## What is being asked:
Set down each entry exactly as it stands, without altering a single character.

[Entries taken from a collection]

/---

lemma sorted_dag_edges: "sorted (map fst (dag_edges N))"
proof -
  have "sorted (map fst (concat (map (\<lambda>u. map (Pair u) [Suc u..<N]) [0..<m])))" for m
    by (induction m) (auto simp: sorted_append o_def map_replicate_const)
  then show ?thesis unfolding dag_edges_def by simp
qed

lemma length_dag_edges_le: "length (dag_edges N) \<le> N\<^sup>2"
proof -
  have "length (concat (map (\<lambda>u. map (Pair u) [Suc u..<N]) [0..<m])) \<le> m * N" for m
    by (induction m) auto
  from this[of "N - 1"] show ?thesis
    unfolding dag_edges_def power2_eq_square by (meson diff_le_self dual_order.trans mult_le_mono1)
qed

lemma length_dag_vertices: "dag_vertices traj mot pv n V \<Longrightarrow> length V = length pv + n"
  by (simp add: dag_vertices_def)

lemma dag_vertices_path_embedding:
  assumes vertices: "dag_vertices traj mot pv n V" and "pv \<noteq> []"
  obtains idx where "idx 0 = 0" and "idx (length pv - 1) = length V - 1"
    and "\<forall>r < length pv. V ! idx r = pv ! r"
    and "\<forall>r. Suc r < length pv \<longrightarrow> (idx r, idx (Suc r)) \<in> set (dag_edges (length V))"
proof -
  obtain idx :: "nat \<Rightarrow> nat" where mono: "strict_mono_on {..<length pv} idx"
    and idx0: "idx 0 = 0" and idx_last: "idx (length pv - 1) = length V - 1"
    and V_idx: "\<forall>r < length pv. V ! idx r = pv ! r"
    using vertices unfolding dag_vertices_def by blast
  have "length V > 0"
    using length_dag_vertices[OF vertices] \<open>pv \<noteq> []\<close> by simp
  have "(idx r, idx (Suc r)) \<in> set (dag_edges (length V))" if "Suc r < length pv" for r
  proof -
    have "idx (Suc r) \<le> idx (length pv - 1)"
      using that by (intro strict_mono_on_leD[OF mono]) auto
    then show ?thesis
      using strict_mono_onD[OF mono, of r "Suc r"] idx_last \<open>length V > 0\<close> that
      by (auto simp: mem_dag_edges_iff)
  qed
  with idx0 idx_last V_idx show thesis
    by (blast intro: that)
qed

text \<open>The bound b on predecessors is the largest source relaxed so far: later relaxations only
  change distances of vertices above b, so the identity for dst v stays valid.\<close>

definition pred_invariant :: "nat \<Rightarrow> dag_state \<Rightarrow> bool" where
  "pred_invariant b st \<longleftrightarrow> (case st of (dst, pred, cst, _) \<Rightarrow>
     (\<forall>v. v \<noteq> 0 \<and> dst v \<noteq> \<infinity> \<longrightarrow> pred v < v) \<and>
     (\<forall>v. pred v < v \<longrightarrow> pred v \<le> b \<and> dst v = dst (pred v) + ereal (cst v)))"

lemma pred_invariant_dag_init: "pred_invariant 0 dag_init"
  by (simp add: pred_invariant_def dag_init_def)

declare back_chain.simps [simp del]

lemma back_chain_ne: "back_chain pr v \<noteq> []"
  by (subst back_chain.simps) simp

lemma back_chain_cost:
  assumes "pred_invariant b (dst, pred, cst, ops)" and "dst 0 = 0"
  shows "dst v \<noteq> \<infinity> \<Longrightarrow> ereal (sum_list (map cst (tl (back_chain pred v)))) = dst v"
proof (induction v rule: less_induct)
  case (less v)
  have reach: "\<forall>w. w \<noteq> 0 \<and> dst w \<noteq> \<infinity> \<longrightarrow> pred w < w"
    and chain: "\<forall>w. pred w < w \<longrightarrow> dst w = dst (pred w) + ereal (cst w)"
    using assms(1) unfolding pred_invariant_def by auto
  show ?case
  proof (cases "pred v < v")
    case True
    have "dst v = dst (pred v) + ereal (cst v)"
      using chain True by blast
    moreover from this have "ereal (sum_list (map cst (tl (back_chain pred (pred v))))) = dst (pred v)"
      using less True by (intro less.IH) auto
    moreover have "tl (back_chain pred v) = tl (back_chain pred (pred v)) @ [v]"
      using True back_chain_ne[of pred "pred v"]
      by (subst back_chain.simps) (simp add: tl_append split: list.split)
    ultimately show ?thesis
      by (simp flip: plus_ereal.simps(1))
  next
    case False
    then have "v = 0"
      using reach less.prems by blast
    with False show ?thesis
      using assms(2) by (subst back_chain.simps) (simp add: zero_ereal_def)
  qed
qed

context
  fixes mot :: "'x \<Rightarrow> 'x \<Rightarrow> 'm" and c :: "'m \<Rightarrow> real" and cf :: "'m \<Rightarrow> bool"
    and Psi :: "real \<Rightarrow> real" and V :: "'x list"
begin

lemma relax_step_cases:
  assumes "relax_step mot c cf Psi V u v (dst, pred, cst, ops) = (dst', pred', cst', ops')"
  obtains "dst' = dst" "pred' = pred" "cst' = cst"
  | x where "dst' = dst(v := dst u + ereal x)" "pred' = pred(v := u)" "cst' = cst(v := x)"
      "dst u + ereal x \<le> dst v"
  using assms unfolding relax_step_def Let_def by (auto split: if_splits)

lemma relax_step_ops_le:
  "snd (snd (snd (relax_step mot c cf Psi V u v st))) \<le> snd (snd (snd st)) + 6"
  by (auto simp: relax_step_def Let_def split: prod.split)

lemma relax_step_dist_le: "fst (relax_step mot c cf Psi V u v st) w \<le> fst st w"
  by (cases st; cases "relax_step mot c cf Psi V u v st")
    (auto elim!: relax_step_cases)

lemma relax_step_dist_other:
  "w \<noteq> v \<Longrightarrow> fst (relax_step mot c cf Psi V u v st) w = fst st w"
  by (cases st; cases "relax_step mot c cf Psi V u v st")
    (auto elim!: relax_step_cases)

lemma relax_step_collision_free_edge:
  assumes "cf (mot (V ! u) (V ! v))"
  shows "fst (relax_step mot c cf Psi V u v st) v \<le> fst st u + ereal (c (mot (V ! u) (V ! v)))"
proof -
  have mono: "a + ereal x \<le> a + ereal y" if "x \<le> y" for a :: ereal and x y
    using that by (intro add_left_mono) simp
  show ?thesis
    using assms mono[of "Psi (c (mot (V ! v) (V ! u)))" "c (mot (V ! u) (V ! v))" "fst st u"]
    by (auto simp: relax_step_def Let_def not_le split: prod.split)
qed

definition relax_fold :: "dag_state \<Rightarrow> (nat \<times> nat) list \<Rightarrow> dag_state" where
  "relax_fold st es = foldl (\<lambda>st (u, v). relax_step mot c cf Psi V u v st) st es"

lemma relax_fold_Nil [simp]: "relax_fold st [] = st"
  by (simp add: relax_fold_def)

lemma relax_fold_Cons [simp]:
  "relax_fold st ((u, v) # es) = relax_fold (relax_step mot c cf Psi V u v st) es"
  by (simp add: relax_fold_def)

lemma relax_fold_append: "relax_fold st (es @ es') = relax_fold (relax_fold st es) es'"
  by (simp add: relax_fold_def)

lemma dag_loop_eq_relax_fold: "dag_loop mot c cf Psi V = relax_fold dag_init (dag_edges (length V))"
  by (simp add: dag_loop_def relax_fold_def dag_edges_def)

lemma relax_fold_ops_le:
  "snd (snd (snd (relax_fold st es))) \<le> snd (snd (snd st)) + 6 * length es"
proof (induction es arbitrary: st)
  case (Cons e es)
  obtain u v where "e = (u, v)" by fastforce
  then show ?case
    using Cons.IH[of "relax_step mot c cf Psi V u v st"] relax_step_ops_le[of u v st] by simp
qed simp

\---

## Written answer:
lemma sorted_dag_edges: "sorted (map fst (dag_edges N))"
proof -
  have "sorted (map fst (concat (map (\<lambda>u. map (Pair u) [Suc u..<N]) [0..<m])))" for m
    by (induction m) (auto simp: sorted_append o_def map_replicate_const)
  then show ?thesis unfolding dag_edges_def by simp
qed

lemma length_dag_edges_le: "length (dag_edges N) \<le> N\<^sup>2"
proof -
  have "length (concat (map (\<lambda>u. map (Pair u) [Suc u..<N]) [0..<m])) \<le> m * N" for m
    by (induction m) auto
  from this[of "N - 1"] show ?thesis
    unfolding dag_edges_def power2_eq_square by (meson diff_le_self dual_order.trans mult_le_mono1)
qed

lemma length_dag_vertices: "dag_vertices traj mot pv n V \<Longrightarrow> length V = length pv + n"
  by (simp add: dag_vertices_def)

lemma dag_vertices_path_embedding:
  assumes vertices: "dag_vertices traj mot pv n V" and "pv \<noteq> []"
  obtains idx where "idx 0 = 0" and "idx (length pv - 1) = length V - 1"
    and "\<forall>r < length pv. V ! idx r = pv ! r"
    and "\<forall>r. Suc r < length pv \<longrightarrow> (idx r, idx (Suc r)) \<in> set (dag_edges (length V))"
proof -
  obtain idx :: "nat \<Rightarrow> nat" where mono: "strict_mono_on {..<length pv} idx"
    and idx0: "idx 0 = 0" and idx_last: "idx (length pv - 1) = length V - 1"
    and V_idx: "\<forall>r < length pv. V ! idx r = pv ! r"
    using vertices unfolding dag_vertices_def by blast
  have "length V > 0"
    using length_dag_vertices[OF vertices] \<open>pv \<noteq> []\<close> by simp
  have "(idx r, idx (Suc r)) \<in> set (dag_edges (length V))" if "Suc r < length pv" for r
  proof -
    have "idx (Suc r) \<le> idx (length pv - 1)"
      using that by (intro strict_mono_on_leD[OF mono]) auto
    then show ?thesis
      using strict_mono_onD[OF mono, of r "Suc r"] idx_last \<open>length V > 0\<close> that
      by (auto simp: mem_dag_edges_iff)
  qed
  with idx0 idx_last V_idx show thesis
    by (blast intro: that)
qed

text \<open>The bound b on predecessors is the largest source relaxed so far: later relaxations only
  change distances of vertices above b, so the identity for dst v stays valid.\<close>

definition pred_invariant :: "nat \<Rightarrow> dag_state \<Rightarrow> bool" where
  "pred_invariant b st \<longleftrightarrow> (case st of (dst, pred, cst, _) \<Rightarrow>
     (\<forall>v. v \<noteq> 0 \<and> dst v \<noteq> \<infinity> \<longrightarrow> pred v < v) \<and>
     (\<forall>v. pred v < v \<longrightarrow> pred v \<le> b \<and> dst v = dst (pred v) + ereal (cst v)))"

lemma pred_invariant_dag_init: "pred_invariant 0 dag_init"
  by (simp add: pred_invariant_def dag_init_def)

declare back_chain.simps [simp del]

lemma back_chain_ne: "back_chain pr v \<noteq> []"
  by (subst back_chain.simps) simp

lemma back_chain_cost:
  assumes "pred_invariant b (dst, pred, cst, ops)" and "dst 0 = 0"
  shows "dst v \<noteq> \<infinity> \<Longrightarrow> ereal (sum_list (map cst (tl (back_chain pred v)))) = dst v"
proof (induction v rule: less_induct)
  case (less v)
  have reach: "\<forall>w. w \<noteq> 0 \<and> dst w \<noteq> \<infinity> \<longrightarrow> pred w < w"
    and chain: "\<forall>w. pred w < w \<longrightarrow> dst w = dst (pred w) + ereal (cst w)"
    using assms(1) unfolding pred_invariant_def by auto
  show ?case
  proof (cases "pred v < v")
    case True
    have "dst v = dst (pred v) + ereal (cst v)"
      using chain True by blast
    moreover from this have "ereal (sum_list (map cst (tl (back_chain pred (pred v))))) = dst (pred v)"
      using less True by (intro less.IH) auto
    moreover have "tl (back_chain pred v) = tl (back_chain pred (pred v)) @ [v]"
      using True back_chain_ne[of pred "pred v"]
      by (subst back_chain.simps) (simp add: tl_append split: list.split)
    ultimately show ?thesis
      by (simp flip: plus_ereal.simps(1))
  next
    case False
    then have "v = 0"
      using reach less.prems by blast
    with False show ?thesis
      using assms(2) by (subst back_chain.simps) (simp add: zero_ereal_def)
  qed
qed

context
  fixes mot :: "'x \<Rightarrow> 'x \<Rightarrow> 'm" and c :: "'m \<Rightarrow> real" and cf :: "'m \<Rightarrow> bool"
    and Psi :: "real \<Rightarrow> real" and V :: "'x list"
begin

lemma relax_step_cases:
  assumes "relax_step mot c cf Psi V u v (dst, pred, cst, ops) = (dst', pred', cst', ops')"
  obtains "dst' = dst" "pred' = pred" "cst' = cst"
  | x where "dst' = dst(v := dst u + ereal x)" "pred' = pred(v := u)" "cst' = cst(v := x)"
      "dst u + ereal x \<le> dst v"
  using assms unfolding relax_step_def Let_def by (auto split: if_splits)

lemma relax_step_ops_le:
  "snd (snd (snd (relax_step mot c cf Psi V u v st))) \<le> snd (snd (snd st)) + 6"
  by (auto simp: relax_step_def Let_def split: prod.split)

lemma relax_step_dist_le: "fst (relax_step mot c cf Psi V u v st) w \<le> fst st w"
  by (cases st; cases "relax_step mot c cf Psi V u v st")
    (auto elim!: relax_step_cases)

lemma relax_step_dist_other:
  "w \<noteq> v \<Longrightarrow> fst (relax_step mot c cf Psi V u v st) w = fst st w"
  by (cases st; cases "relax_step mot c cf Psi V u v st")
    (auto elim!: relax_step_cases)

lemma relax_step_collision_free_edge:
  assumes "cf (mot (V ! u) (V ! v))"
  shows "fst (relax_step mot c cf Psi V u v st) v \<le> fst st u + ereal (c (mot (V ! u) (V ! v)))"
proof -
  have mono: "a + ereal x \<le> a + ereal y" if "x \<le> y" for a :: ereal and x y
    using that by (intro add_left_mono) simp
  show ?thesis
    using assms mono[of "Psi (c (mot (V ! v) (V ! u)))" "c (mot (V ! u) (V ! v))" "fst st u"]
    by (auto simp: relax_step_def Let_def not_le split: prod.split)
qed

definition relax_fold :: "dag_state \<Rightarrow> (nat \<times> nat) list \<Rightarrow> dag_state" where
  "relax_fold st es = foldl (\<lambda>st (u, v). relax_step mot c cf Psi V u v st) st es"

lemma relax_fold_Nil [simp]: "relax_fold st [] = st"
  by (simp add: relax_fold_def)

lemma relax_fold_Cons [simp]:
  "relax_fold st ((u, v) # es) = relax_fold (relax_step mot c cf Psi V u v st) es"
  by (simp add: relax_fold_def)

lemma relax_fold_append: "relax_fold st (es @ es') = relax_fold (relax_fold st es) es'"
  by (simp add: relax_fold_def)

lemma dag_loop_eq_relax_fold: "dag_loop mot c cf Psi V = relax_fold dag_init (dag_edges (length V))"
  by (simp add: dag_loop_def relax_fold_def dag_edges_def)

lemma relax_fold_ops_le:
  "snd (snd (snd (relax_fold st es))) \<le> snd (snd (snd st)) + 6 * length es"
proof (induction es arbitrary: st)
  case (Cons e es)
  obtain u v where "e = (u, v)" by fastforce
  then show ?case
    using Cons.IH[of "relax_step mot c cf Psi V u v st"] relax_step_ops_le[of u v st] by simp
qed simp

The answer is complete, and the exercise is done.